Read through the data, and wherever a line holds the word "lemma", write that line out.

◇ ◇ ◇

(* Let $V$ be an irreducible Whittaker module of type $\eta$ over $R$ with cyclic Whittaker vector $w$. Then $\{H^iw : i\ge 0\}$ is a $\mathbb{C}$-basis of $V$.
   Context: Let $f\in\mathbb{C}[H]$ be a polynomial. $R=R(f)$ is the associative $\mathbb{C}$-algebra generated by $E,F,H$ with relations $EF-FE=f(H)$, $HE-EH=E$, $HF-FH=-F$. Let $R(E)=\mathbb{C}[E]$. Fix an algebra homomorphism $\eta:R(E)\to\mathbb{C}$ with $\eta(E)\neq0$. A vector $v$ of an $R$-module $V$ is a Whittaker vector of type $\eta$ if $Ev=\eta(E)v$; $V$ is a Whittaker module of type $\eta$ with cyclic Whittaker vector $w$ if $w$ is a Whittaker vector and $V=Rw$. *)

theory Defs
  imports Main "HOL-Computational_Algebra.Polynomial"
begin

text \<open>An R(f)-module structure
is given by three complex-linear operators E, F, H satisfying the defining relations
of R(f); by the universal property of the algebra presented by generators and
relations this is the same as a (unital) R(f)-module.\<close>

definition poly_op :: "(complex \<Rightarrow> 'v::ab_group_add \<Rightarrow> 'v) \<Rightarrow> complex poly \<Rightarrow> ('v \<Rightarrow> 'v) \<Rightarrow> 'v \<Rightarrow> 'v"
  where "poly_op scale p A v = (\<Sum>i\<le>degree p. scale (coeff p i) ((A ^^ i) v))"

definition R_module ::
  "(complex \<Rightarrow> 'v::ab_group_add \<Rightarrow> 'v) \<Rightarrow> complex poly \<Rightarrow> ('v \<Rightarrow> 'v) \<Rightarrow> ('v \<Rightarrow> 'v) \<Rightarrow> ('v \<Rightarrow> 'v) \<Rightarrow> bool"
  where "R_module scale f E F H \<longleftrightarrow>
     vector_space scale \<and>
     Vector_Spaces.linear scale scale E \<and> Vector_Spaces.linear scale scale F \<and>
     Vector_Spaces.linear scale scale H \<and>
     (\<forall>v. E (F v) - F (E v) = poly_op scale f H v) \<and>
     (\<forall>v. H (E v) - E (H v) = E v) \<and>
     (\<forall>v. H (F v) - F (H v) = - F v)"

definition R_submodule ::
  "(complex \<Rightarrow> 'v::ab_group_add \<Rightarrow> 'v) \<Rightarrow> ('v \<Rightarrow> 'v) \<Rightarrow> ('v \<Rightarrow> 'v) \<Rightarrow> ('v \<Rightarrow> 'v) \<Rightarrow> 'v set \<Rightarrow> bool"
  where "R_submodule scale E F H W \<longleftrightarrow>
     module.subspace scale W \<and> (\<forall>x\<in>W. E x \<in> W \<and> F x \<in> W \<and> H x \<in> W)"

definition R_irreducible ::
  "(complex \<Rightarrow> 'v::ab_group_add \<Rightarrow> 'v) \<Rightarrow> ('v \<Rightarrow> 'v) \<Rightarrow> ('v \<Rightarrow> 'v) \<Rightarrow> ('v \<Rightarrow> 'v) \<Rightarrow> bool"
  where "R_irreducible scale E F H \<longleftrightarrow>
     (UNIV :: 'v set) \<noteq> {0} \<and>
     (\<forall>W. R_submodule scale E F H W \<longrightarrow> W = {0} \<or> W = UNIV)"

inductive_set word_orbit ::
  "('v \<Rightarrow> 'v) \<Rightarrow> ('v \<Rightarrow> 'v) \<Rightarrow> ('v \<Rightarrow> 'v) \<Rightarrow> 'v \<Rightarrow> 'v set"
  for E F H w where
  base: "w \<in> word_orbit E F H w"
| stepE: "x \<in> word_orbit E F H w \<Longrightarrow> E x \<in> word_orbit E F H w"
| stepF: "x \<in> word_orbit E F H w \<Longrightarrow> F x \<in> word_orbit E F H w"
| stepH: "x \<in> word_orbit E F H w \<Longrightarrow> H x \<in> word_orbit E F H w"

definition cyclic_submodule ::
  "(complex \<Rightarrow> 'v::ab_group_add \<Rightarrow> 'v) \<Rightarrow> ('v \<Rightarrow> 'v) \<Rightarrow> ('v \<Rightarrow> 'v) \<Rightarrow> ('v \<Rightarrow> 'v) \<Rightarrow> 'v \<Rightarrow> 'v set"
  where "cyclic_submodule scale E F H w = module.span scale (word_orbit E F H w)"

text \<open>Whittaker vector of type eta, where eta(E) = c.\<close>
definition whittaker_vector ::
  "(complex \<Rightarrow> 'v::ab_group_add \<Rightarrow> 'v) \<Rightarrow> ('v \<Rightarrow> 'v) \<Rightarrow> complex \<Rightarrow> 'v \<Rightarrow> bool"
  where "whittaker_vector scale E c v \<longleftrightarrow> E v = scale c v"
lemma sum_adj_eq_card_common_nbhd_outside:
  assumes "finite V" "s \<noteq> t"
  shows "(\<Sum>w \<in> nbhd V E (first_end {s, t}) - U. adj E (second_end {s, t}) w)
    = card (common_nbhd_outside V E {s, t} U)"
proof -
  let ?a = "first_end {s, t}" and ?b = "second_end {s, t}"
  have "finite (nbhd V E ?a - U)"
    using assms(1) unfolding nbhd_def by simp
  then have "(\<Sum>w \<in> nbhd V E ?a - U. adj E ?b w) = card {w \<in> nbhd V E ?a - U. E ?b w}"
    unfolding adj_def by (simp add: sum.inter_filter[symmetric])
  also have "{w \<in> nbhd V E ?a - U. E ?b w} = common_nbhd_outside V E {?a, ?b} U"
    unfolding common_nbhd_outside_def nbhd_def by auto
  finally show ?thesis
    by (simp add: first_second_end_doubleton[OF assms(2)])
qed

lemma Q_term_eq_sum_card:
  assumes "simple_graph V E" "p \<in> Qpairs V E"
  shows "Q_term V E p = (\<Sum>e\<in>p. real (card (common_nbhd_outside V E e (\<Union>p))))"
  unfolding Q_term_def
proof (rule sum.cong[OF refl])
  fix e assume "e \<in> p"
  then obtain s t where "e = {s, t}" "s \<noteq> t"
    using assms(2) unfolding Qpairs_def by blast
  then show "(\<Sum>w \<in> nbhd V E (first_end e) - \<Union>p. adj E (second_end e) w)
      = real (card (common_nbhd_outside V E e (\<Union>p)))"
    using sum_adj_eq_card_common_nbhd_outside[OF simple_graphD(1)[OF assms(1)]] by simp
qed

definition disjoint_edge_pairs :: "'a set \<Rightarrow> ('a \<Rightarrow> 'a \<Rightarrow> bool) \<Rightarrow> ('a set \<times> 'a set) set" where
  "disjoint_edge_pairs V E = {(e, f). e \<in> edges V E \<and> f \<in> edges V E \<and> e \<inter> f = {}}"
lemma approaches_if_chainS:
  assumes xy: "(x, y) \<in> chainS K G"
  shows "approaches x y"
  unfolding approaches_def
proof
  fix m
  obtain n c where n: "n \<ge> 1" and c: "c 0 = x" "c n = y" "\<forall>i\<le>n. c i \<in> KG K G"
    "\<forall>i<n. seqdist (shift (c i)) (c (Suc i)) \<le> 1 / (real (Suc m) + 1)"
    using xy unfolding chainS_def by (auto elim!: allE[of _ "1 / (real (Suc m) + 1)"])
  have step: "c (Suc i) j = c i (Suc j)" if "i < n" "j \<le> m" for i j
  proof -
    have "seqdist (shift (c i)) (c (Suc i)) \<le> 1 / (real (Suc m) + 1)" using c(4) that by blast
    then have "\<forall>j<Suc m. shift (c i) j = c (Suc i) j" by (simp only: seqdist_le_iff)
    then show ?thesis using that by (simp add: shift_def)
  qed
  have c_x: "c i j = x (i + j)" if "i \<le> n" "i + j \<le> Suc m" for i j
    using that
  proof (induction i arbitrary: j)
    case (Suc i)
    then show ?case using step[of i j] by simp
  qed (simp add: c)
  define w where "w i = c i 0" for i
  have "\<forall>i<n. (w i, w (Suc i)) \<in> G"
    using c(3) step[of _ 0] by (auto simp: w_def KG_def)
  moreover have "w n = y 0" "y \<in> KG K G" using c by (auto simp: w_def)
  ultimately have z: "prepend n w y \<in> KG K G" by (rule prepend_KG)
  have "prepend n w y i = x i" if "i < m" for i
  proof (cases "i < n")
    case True
    then show ?thesis using c_x[of i 0] that by (simp add: prepend_def w_def)
  next
    case False
    then show ?thesis using c_x[of n "i - n"] that c(2) by (simp add: prepend_def)
  qed
  with z n show "\<exists>z\<in>KG K G. \<exists>n>0. (\<forall>i<m. z i = x i) \<and> (shift ^^ n) z = y"
    by (intro bexI[of _ "prepend n w y"] exI[of _ n]) auto
qed

lemma chainS_iff_approaches:
  "(x, y) \<in> chainS K G \<longleftrightarrow> x \<in> KG K G \<and> y \<in> KG K G \<and> approaches x y"
  using chainS_if_approaches approaches_if_chainS by (auto simp: chainS_def)
(* If $T\in\mathcal{T}$, then $C_T=\emptyset$, $A_T$ is an independent set, every vertex of $A_T$ has degree exactly $3$ in $T$, and $\nu(T)=|A_T|$. In particular $T$ is bipartite with partite sets $A_T$ and $D_T$.
   Context: Gallai–Edmonds sets: for a graph $G$, $D_G$ is the set of vertices not covered by at least one maximum matching, $A_G=N_G(D_G)\setminus D_G$, $C_G=V(G)\setminus(A_G\cup D_G)$. $\nu$ denotes the matching number, $n(T)$ the number of vertices. $\mathcal{T}$ is the set of all trees $T$ such that every vertex of $A_T$ has degree at most $3$ in $T$ and $\nu(T)=\frac{n(T)-1}{3}$. *)

theory Defs
  imports Main
begin

definition graph :: "'a set \<Rightarrow> 'a set set \<Rightarrow> bool" where
  "graph V E \<longleftrightarrow> finite V \<and>
     (\<forall>e\<in>E. \<exists>u v. e = {u, v} \<and> u \<noteq> v \<and> u \<in> V \<and> v \<in> V)"

definition adj :: "'a set set \<Rightarrow> 'a \<Rightarrow> 'a \<Rightarrow> bool" where
  "adj E u v \<longleftrightarrow> {u, v} \<in> E"

definition connected :: "'a set \<Rightarrow> 'a set set \<Rightarrow> bool" where
  "connected V E \<longleftrightarrow> V \<noteq> {} \<and> (\<forall>u\<in>V. \<forall>v\<in>V. (adj E)\<^sup>*\<^sup>* u v)"

definition is_cycle :: "'a set set \<Rightarrow> 'a list \<Rightarrow> bool" where
  "is_cycle E vs \<longleftrightarrow> length vs \<ge> 3 \<and> distinct vs \<and>
     (\<forall>i. Suc i < length vs \<longrightarrow> adj E (vs ! i) (vs ! Suc i)) \<and>
     adj E (last vs) (hd vs)"

definition acyclic_graph :: "'a set set \<Rightarrow> bool" where
  "acyclic_graph E \<longleftrightarrow> \<not> (\<exists>vs. is_cycle E vs)"

definition tree :: "'a set \<Rightarrow> 'a set set \<Rightarrow> bool" where
  "tree V E \<longleftrightarrow> graph V E \<and> connected V E \<and> acyclic_graph E"

definition degree :: "'a set set \<Rightarrow> 'a \<Rightarrow> nat" where
  "degree E v = card {e\<in>E. v \<in> e}"

definition matching :: "'a set set \<Rightarrow> 'a set set \<Rightarrow> bool" where
  "matching E M \<longleftrightarrow> M \<subseteq> E \<and> (\<forall>e1\<in>M. \<forall>e2\<in>M. e1 \<noteq> e2 \<longrightarrow> e1 \<inter> e2 = {})"

definition matching_number :: "'a set set \<Rightarrow> nat" where
  "matching_number E = Max (card ` {M. matching E M})"

definition maximum_matching :: "'a set set \<Rightarrow> 'a set set \<Rightarrow> bool" where
  "maximum_matching E M \<longleftrightarrow> matching E M \<and> card M = matching_number E"

definition neighbourhood :: "'a set \<Rightarrow> 'a set set \<Rightarrow> 'a set \<Rightarrow> 'a set" where
  "neighbourhood V E S = {u\<in>V. \<exists>v\<in>S. adj E u v}"

definition GE_D :: "'a set \<Rightarrow> 'a set set \<Rightarrow> 'a set" where
  "GE_D V E = {v\<in>V. \<exists>M. maximum_matching E M \<and> v \<notin> \<Union>M}"

definition GE_A :: "'a set \<Rightarrow> 'a set set \<Rightarrow> 'a set" where
  "GE_A V E = neighbourhood V E (GE_D V E) - GE_D V E"

definition GE_C :: "'a set \<Rightarrow> 'a set set \<Rightarrow> 'a set" where
  "GE_C V E = V - (GE_A V E \<union> GE_D V E)"

definition independent :: "'a set \<Rightarrow> 'a set set \<Rightarrow> 'a set \<Rightarrow> bool" where
  "independent V E S \<longleftrightarrow> S \<subseteq> V \<and> (\<forall>u\<in>S. \<forall>v\<in>S. \<not> adj E u v)"

text \<open>The class \<open>\<T>\<close>: trees whose A-vertices have degree at most 3 and with
  \<open>\<nu>(T) = (n(T) - 1)/3\<close>, i.e. \<open>3 \<nu>(T) + 1 = n(T)\<close>.\<close>
definition class_T :: "'a set \<Rightarrow> 'a set set \<Rightarrow> bool" where
  "class_T V E \<longleftrightarrow> tree V E \<and> (\<forall>v\<in>GE_A V E. degree E v \<le> 3) \<and>
     3 * matching_number E + 1 = card V"

definition bipartite_with :: "'a set \<Rightarrow> 'a set set \<Rightarrow> 'a set \<Rightarrow> 'a set \<Rightarrow> bool" where
  "bipartite_with V E X Y \<longleftrightarrow> X \<union> Y = V \<and> X \<inter> Y = {} \<and>
     (\<forall>e\<in>E. \<exists>x\<in>X. \<exists>y\<in>Y. e = {x, y})"

end

theory Submission
  imports Defs
begin

text \<open>A tree is bipartite, and in a bipartite graph the Gallai--Edmonds set \<open>D\<close> is independent and
  every maximum matching covers \<open>A \<union> C\<close> and matches \<open>A\<close> injectively into \<open>D\<close>; both facts come from
  walking along alternating walks that start at exposed vertices and swapping matching edges on the
  way. Hence \<open>2 |A| + |C| \<le> 2 \<nu>\<close>. Counting the edges of the tree through their endpoints in \<open>A\<close>
  (each edge meets \<open>A\<close> or lies inside \<open>C\<close>, and at most 3 edges meet each vertex of \<open>A\<close>) and using
  that the forest induced on \<open>C\<close> has fewer than \<open>|C|\<close> edges, the hypothesis \<open>n = 3 \<nu> + 1\<close> leaves no
  slack: \<open>C\<close> is empty and every estimate is an equality.\<close>

lemma graph_vertices_subset: "graph V E \<Longrightarrow> \<Union>E \<subseteq> V"
  unfolding graph_def by fastforce

lemma graph_finite_edges:
  assumes "graph V E"
  shows "finite E"
proof (rule finite_subset)
  show "E \<subseteq> Pow V"
    using graph_vertices_subset[OF assms] by blast
  show "finite (Pow V)"
    using assms unfolding graph_def by simp
qed

lemma graph_edgeE:
  assumes "graph V E" "e \<in> E" "x \<in> e"
  obtains y where "e = {x, y}" "x \<noteq> y" "x \<in> V" "y \<in> V"
proof -
  obtain u v where "e = {u, v}" "u \<noteq> v" "u \<in> V" "v \<in> V"
    using assms(1,2) unfolding graph_def by blast
  with assms(3) that show thesis
    by (auto simp: insert_commute)
qed

lemma adj_commute: "adj E u v \<longleftrightarrow> adj E v u"
  unfolding adj_def by (simp add: insert_commute)

lemma graph_adjD:
  assumes "graph V E" "adj E u v"
  shows "u \<noteq> v" "u \<in> V" "v \<in> V"
proof -
  obtain w where "{u, v} = {u, w}" "u \<noteq> w" "u \<in> V" "w \<in> V"
    using graph_edgeE[of V E "{u, v}" u] assms unfolding adj_def by blast
  then show "u \<noteq> v" "u \<in> V" "v \<in> V"
    by (auto simp: doubleton_eq_iff)
qed

lemma graph_card_edge: "graph V E \<Longrightarrow> e \<in> E \<Longrightarrow> card e = 2"
  unfolding graph_def by auto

◇ ◇ ◇

• _TASK SOLUTION_
lemma sum_adj_eq_card_common_nbhd_outside:
lemma Q_term_eq_sum_card:
lemma approaches_if_chainS:
lemma chainS_iff_approaches:
lemma graph_vertices_subset: "graph V E \<Longrightarrow> \<Union>E \<subseteq> V"
lemma graph_finite_edges:
lemma graph_edgeE:
lemma adj_commute: "adj E u v \<longleftrightarrow> adj E v u"
lemma graph_adjD:
lemma graph_card_edge: "graph V E \<Longrightarrow> e \<in> E \<Longrightarrow> card e = 2"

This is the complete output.